- Data extract:
========================================

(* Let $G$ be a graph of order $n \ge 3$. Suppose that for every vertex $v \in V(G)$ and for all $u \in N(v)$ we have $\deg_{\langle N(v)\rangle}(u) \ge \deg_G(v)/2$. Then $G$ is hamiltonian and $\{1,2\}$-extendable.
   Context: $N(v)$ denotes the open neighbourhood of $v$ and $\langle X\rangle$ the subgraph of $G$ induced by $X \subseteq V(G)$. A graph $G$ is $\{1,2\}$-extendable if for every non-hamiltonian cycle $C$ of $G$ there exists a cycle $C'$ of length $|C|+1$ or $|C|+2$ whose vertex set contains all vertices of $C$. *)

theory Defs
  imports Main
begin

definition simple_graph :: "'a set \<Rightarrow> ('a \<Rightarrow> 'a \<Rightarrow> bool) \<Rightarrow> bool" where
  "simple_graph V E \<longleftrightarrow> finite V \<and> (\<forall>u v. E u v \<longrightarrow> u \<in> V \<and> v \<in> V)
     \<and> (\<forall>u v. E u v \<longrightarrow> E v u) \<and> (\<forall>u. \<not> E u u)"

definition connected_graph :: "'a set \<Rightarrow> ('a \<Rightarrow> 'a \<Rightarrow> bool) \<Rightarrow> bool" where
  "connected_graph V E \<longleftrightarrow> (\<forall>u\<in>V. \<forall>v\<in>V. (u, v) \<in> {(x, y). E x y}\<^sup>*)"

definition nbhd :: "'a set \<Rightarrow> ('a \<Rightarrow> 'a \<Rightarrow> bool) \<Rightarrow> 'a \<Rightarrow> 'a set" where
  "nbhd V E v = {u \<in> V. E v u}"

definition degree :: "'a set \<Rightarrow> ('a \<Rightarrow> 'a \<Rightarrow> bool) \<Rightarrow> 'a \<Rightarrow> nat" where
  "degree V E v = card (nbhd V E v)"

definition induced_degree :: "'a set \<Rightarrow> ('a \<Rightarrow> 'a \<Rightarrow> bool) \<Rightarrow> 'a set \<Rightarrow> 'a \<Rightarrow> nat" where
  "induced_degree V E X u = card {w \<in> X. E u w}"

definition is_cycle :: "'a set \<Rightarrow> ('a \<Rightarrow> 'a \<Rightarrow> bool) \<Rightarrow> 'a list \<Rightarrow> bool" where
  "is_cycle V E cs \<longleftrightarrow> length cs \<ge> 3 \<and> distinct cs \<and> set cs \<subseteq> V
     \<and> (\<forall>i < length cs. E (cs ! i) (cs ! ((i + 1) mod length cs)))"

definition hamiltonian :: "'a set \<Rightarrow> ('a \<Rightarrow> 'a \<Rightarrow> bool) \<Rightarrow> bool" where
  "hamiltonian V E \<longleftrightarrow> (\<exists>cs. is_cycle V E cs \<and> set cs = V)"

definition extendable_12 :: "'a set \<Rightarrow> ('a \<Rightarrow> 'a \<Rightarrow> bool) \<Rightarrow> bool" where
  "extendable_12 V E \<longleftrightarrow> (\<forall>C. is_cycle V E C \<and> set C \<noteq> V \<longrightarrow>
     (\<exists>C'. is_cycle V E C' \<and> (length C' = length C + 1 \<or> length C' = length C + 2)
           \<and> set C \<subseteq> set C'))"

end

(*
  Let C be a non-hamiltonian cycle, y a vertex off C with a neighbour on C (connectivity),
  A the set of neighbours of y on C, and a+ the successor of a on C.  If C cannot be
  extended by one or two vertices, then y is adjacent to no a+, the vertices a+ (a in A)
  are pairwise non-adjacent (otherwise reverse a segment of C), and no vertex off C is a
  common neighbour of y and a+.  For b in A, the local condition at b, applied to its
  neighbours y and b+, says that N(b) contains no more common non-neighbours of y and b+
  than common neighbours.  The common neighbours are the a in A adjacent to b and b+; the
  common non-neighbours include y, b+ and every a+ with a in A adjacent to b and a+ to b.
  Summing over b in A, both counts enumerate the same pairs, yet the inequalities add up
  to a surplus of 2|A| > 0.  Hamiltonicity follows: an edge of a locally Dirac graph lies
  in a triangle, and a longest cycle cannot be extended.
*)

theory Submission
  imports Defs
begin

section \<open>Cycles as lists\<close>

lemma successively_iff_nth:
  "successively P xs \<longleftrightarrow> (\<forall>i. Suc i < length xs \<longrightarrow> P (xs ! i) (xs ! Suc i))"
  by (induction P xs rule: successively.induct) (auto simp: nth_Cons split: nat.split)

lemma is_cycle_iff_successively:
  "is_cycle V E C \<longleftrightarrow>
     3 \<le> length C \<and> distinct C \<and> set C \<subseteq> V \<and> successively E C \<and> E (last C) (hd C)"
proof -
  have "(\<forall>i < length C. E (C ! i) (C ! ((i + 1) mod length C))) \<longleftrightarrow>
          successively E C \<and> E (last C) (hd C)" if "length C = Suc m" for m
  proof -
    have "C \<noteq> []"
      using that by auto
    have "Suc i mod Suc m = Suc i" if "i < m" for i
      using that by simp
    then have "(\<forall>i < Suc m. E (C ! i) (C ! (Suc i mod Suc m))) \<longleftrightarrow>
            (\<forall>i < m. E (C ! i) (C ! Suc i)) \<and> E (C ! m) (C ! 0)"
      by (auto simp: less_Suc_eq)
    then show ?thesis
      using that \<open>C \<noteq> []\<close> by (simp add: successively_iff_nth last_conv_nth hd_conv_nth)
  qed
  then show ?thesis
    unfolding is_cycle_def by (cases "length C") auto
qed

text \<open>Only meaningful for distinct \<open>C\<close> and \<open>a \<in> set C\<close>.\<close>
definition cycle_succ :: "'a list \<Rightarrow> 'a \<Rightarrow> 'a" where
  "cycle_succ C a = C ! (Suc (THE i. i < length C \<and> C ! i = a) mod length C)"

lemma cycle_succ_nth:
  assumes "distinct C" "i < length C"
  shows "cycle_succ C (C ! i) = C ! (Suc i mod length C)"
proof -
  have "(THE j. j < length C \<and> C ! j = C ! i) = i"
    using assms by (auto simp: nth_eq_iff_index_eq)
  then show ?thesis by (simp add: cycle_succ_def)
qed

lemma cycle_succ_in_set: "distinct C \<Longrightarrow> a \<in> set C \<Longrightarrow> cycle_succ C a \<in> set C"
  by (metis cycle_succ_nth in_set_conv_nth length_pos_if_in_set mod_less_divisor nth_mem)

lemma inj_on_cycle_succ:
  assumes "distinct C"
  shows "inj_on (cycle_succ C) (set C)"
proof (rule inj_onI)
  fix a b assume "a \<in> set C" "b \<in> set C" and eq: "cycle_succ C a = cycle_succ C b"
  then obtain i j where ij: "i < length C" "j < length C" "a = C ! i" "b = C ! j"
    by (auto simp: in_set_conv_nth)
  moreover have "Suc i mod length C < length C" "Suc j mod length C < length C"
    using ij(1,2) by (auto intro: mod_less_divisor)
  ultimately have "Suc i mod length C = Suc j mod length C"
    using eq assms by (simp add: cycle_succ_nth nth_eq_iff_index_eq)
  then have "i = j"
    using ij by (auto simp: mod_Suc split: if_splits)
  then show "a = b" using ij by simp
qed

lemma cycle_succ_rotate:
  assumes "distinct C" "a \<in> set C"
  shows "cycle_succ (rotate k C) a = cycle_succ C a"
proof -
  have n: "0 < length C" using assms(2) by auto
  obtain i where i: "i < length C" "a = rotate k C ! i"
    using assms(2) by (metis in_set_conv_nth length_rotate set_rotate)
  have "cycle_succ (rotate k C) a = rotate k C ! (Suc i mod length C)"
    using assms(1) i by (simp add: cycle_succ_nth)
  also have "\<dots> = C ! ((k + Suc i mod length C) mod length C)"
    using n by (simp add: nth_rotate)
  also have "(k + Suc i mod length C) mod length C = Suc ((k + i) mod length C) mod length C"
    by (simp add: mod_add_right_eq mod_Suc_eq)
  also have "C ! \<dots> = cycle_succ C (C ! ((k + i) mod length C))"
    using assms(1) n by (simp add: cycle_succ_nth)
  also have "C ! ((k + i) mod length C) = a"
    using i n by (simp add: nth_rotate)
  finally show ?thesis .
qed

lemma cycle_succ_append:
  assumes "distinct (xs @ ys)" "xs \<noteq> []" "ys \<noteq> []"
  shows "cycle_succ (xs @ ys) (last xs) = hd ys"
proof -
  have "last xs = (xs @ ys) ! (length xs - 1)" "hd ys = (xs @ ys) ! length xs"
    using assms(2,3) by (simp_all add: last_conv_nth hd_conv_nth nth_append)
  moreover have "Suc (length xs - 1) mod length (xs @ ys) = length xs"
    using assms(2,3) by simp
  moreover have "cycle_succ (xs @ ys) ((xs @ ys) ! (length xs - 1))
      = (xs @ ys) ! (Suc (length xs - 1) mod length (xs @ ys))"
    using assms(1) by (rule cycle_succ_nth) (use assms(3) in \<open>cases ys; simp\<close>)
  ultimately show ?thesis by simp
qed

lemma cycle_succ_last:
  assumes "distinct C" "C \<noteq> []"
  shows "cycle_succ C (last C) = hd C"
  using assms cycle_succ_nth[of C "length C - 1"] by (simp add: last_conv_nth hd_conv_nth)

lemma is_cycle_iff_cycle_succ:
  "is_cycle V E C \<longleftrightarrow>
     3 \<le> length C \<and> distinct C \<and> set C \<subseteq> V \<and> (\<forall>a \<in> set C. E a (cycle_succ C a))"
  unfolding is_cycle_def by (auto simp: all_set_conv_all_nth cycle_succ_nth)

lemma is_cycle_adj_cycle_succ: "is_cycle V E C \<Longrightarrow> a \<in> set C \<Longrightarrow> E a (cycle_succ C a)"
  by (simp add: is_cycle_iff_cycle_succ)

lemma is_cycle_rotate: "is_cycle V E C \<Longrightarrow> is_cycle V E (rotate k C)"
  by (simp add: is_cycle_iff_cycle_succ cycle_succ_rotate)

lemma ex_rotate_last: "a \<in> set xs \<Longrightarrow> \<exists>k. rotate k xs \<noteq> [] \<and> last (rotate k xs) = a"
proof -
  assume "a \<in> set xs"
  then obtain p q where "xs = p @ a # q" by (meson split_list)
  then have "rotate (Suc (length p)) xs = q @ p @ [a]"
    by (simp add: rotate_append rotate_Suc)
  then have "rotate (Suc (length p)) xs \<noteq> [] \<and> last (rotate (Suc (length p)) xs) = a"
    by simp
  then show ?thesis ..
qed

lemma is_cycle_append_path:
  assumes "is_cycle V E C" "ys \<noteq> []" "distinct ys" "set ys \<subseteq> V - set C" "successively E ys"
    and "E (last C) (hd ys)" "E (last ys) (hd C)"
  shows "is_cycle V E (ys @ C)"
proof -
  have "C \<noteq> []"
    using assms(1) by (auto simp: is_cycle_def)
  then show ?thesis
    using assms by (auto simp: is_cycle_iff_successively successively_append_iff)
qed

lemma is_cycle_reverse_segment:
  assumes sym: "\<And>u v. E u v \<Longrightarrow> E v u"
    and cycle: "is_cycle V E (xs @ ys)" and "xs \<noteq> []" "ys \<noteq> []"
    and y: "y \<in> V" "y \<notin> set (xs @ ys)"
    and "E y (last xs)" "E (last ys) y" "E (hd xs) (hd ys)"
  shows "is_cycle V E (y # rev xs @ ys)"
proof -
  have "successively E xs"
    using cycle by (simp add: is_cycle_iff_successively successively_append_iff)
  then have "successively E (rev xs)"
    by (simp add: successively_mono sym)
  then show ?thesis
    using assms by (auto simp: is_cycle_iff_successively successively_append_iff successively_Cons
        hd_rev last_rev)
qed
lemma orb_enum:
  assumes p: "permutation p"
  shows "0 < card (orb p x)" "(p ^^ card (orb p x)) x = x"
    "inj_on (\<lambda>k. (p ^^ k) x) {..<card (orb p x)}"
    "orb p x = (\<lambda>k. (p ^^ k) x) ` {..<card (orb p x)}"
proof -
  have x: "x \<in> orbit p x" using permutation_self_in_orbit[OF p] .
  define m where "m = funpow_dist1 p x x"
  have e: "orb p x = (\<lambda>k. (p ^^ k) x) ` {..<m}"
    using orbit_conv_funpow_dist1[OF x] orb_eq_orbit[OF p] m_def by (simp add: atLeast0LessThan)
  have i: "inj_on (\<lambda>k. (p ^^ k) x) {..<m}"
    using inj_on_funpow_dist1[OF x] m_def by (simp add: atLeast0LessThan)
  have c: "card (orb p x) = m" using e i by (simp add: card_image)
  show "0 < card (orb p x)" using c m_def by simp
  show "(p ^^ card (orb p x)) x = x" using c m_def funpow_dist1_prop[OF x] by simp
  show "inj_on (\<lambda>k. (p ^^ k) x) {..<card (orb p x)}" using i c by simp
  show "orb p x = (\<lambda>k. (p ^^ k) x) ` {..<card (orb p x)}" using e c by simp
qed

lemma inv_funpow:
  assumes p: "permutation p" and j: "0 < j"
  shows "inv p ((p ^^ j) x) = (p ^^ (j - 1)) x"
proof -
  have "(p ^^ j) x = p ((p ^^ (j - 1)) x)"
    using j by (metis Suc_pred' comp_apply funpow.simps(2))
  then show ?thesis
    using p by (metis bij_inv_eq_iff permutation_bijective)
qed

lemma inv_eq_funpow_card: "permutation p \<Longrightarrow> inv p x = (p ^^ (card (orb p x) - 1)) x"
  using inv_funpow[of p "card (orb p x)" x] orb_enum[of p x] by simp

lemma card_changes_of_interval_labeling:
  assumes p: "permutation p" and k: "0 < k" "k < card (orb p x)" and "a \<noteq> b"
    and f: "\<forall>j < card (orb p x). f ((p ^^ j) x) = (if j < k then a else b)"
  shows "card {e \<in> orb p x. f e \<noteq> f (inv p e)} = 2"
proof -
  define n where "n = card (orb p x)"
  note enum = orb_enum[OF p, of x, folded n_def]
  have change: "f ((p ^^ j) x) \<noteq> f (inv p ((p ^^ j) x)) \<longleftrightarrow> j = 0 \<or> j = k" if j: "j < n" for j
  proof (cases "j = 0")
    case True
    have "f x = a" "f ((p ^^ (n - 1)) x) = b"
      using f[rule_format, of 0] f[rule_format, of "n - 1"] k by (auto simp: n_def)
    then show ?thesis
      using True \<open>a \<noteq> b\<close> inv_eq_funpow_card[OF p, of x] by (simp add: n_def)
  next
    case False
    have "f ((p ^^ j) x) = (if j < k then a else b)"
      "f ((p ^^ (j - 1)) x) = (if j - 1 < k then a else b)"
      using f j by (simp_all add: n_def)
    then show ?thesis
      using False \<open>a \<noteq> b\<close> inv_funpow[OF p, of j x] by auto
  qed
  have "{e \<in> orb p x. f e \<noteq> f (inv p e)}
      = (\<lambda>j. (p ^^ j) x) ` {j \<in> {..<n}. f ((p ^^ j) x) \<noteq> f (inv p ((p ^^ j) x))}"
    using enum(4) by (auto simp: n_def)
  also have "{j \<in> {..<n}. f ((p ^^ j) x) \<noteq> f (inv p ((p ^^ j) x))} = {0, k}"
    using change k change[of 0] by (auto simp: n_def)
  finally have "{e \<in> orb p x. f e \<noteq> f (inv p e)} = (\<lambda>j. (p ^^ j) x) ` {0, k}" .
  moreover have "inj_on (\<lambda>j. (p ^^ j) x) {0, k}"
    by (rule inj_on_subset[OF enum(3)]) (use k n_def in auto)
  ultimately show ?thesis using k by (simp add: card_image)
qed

========================================

- About this task: Reply with only the number of lines in the entries that hold the word "neighbours".

- Exercise response: 4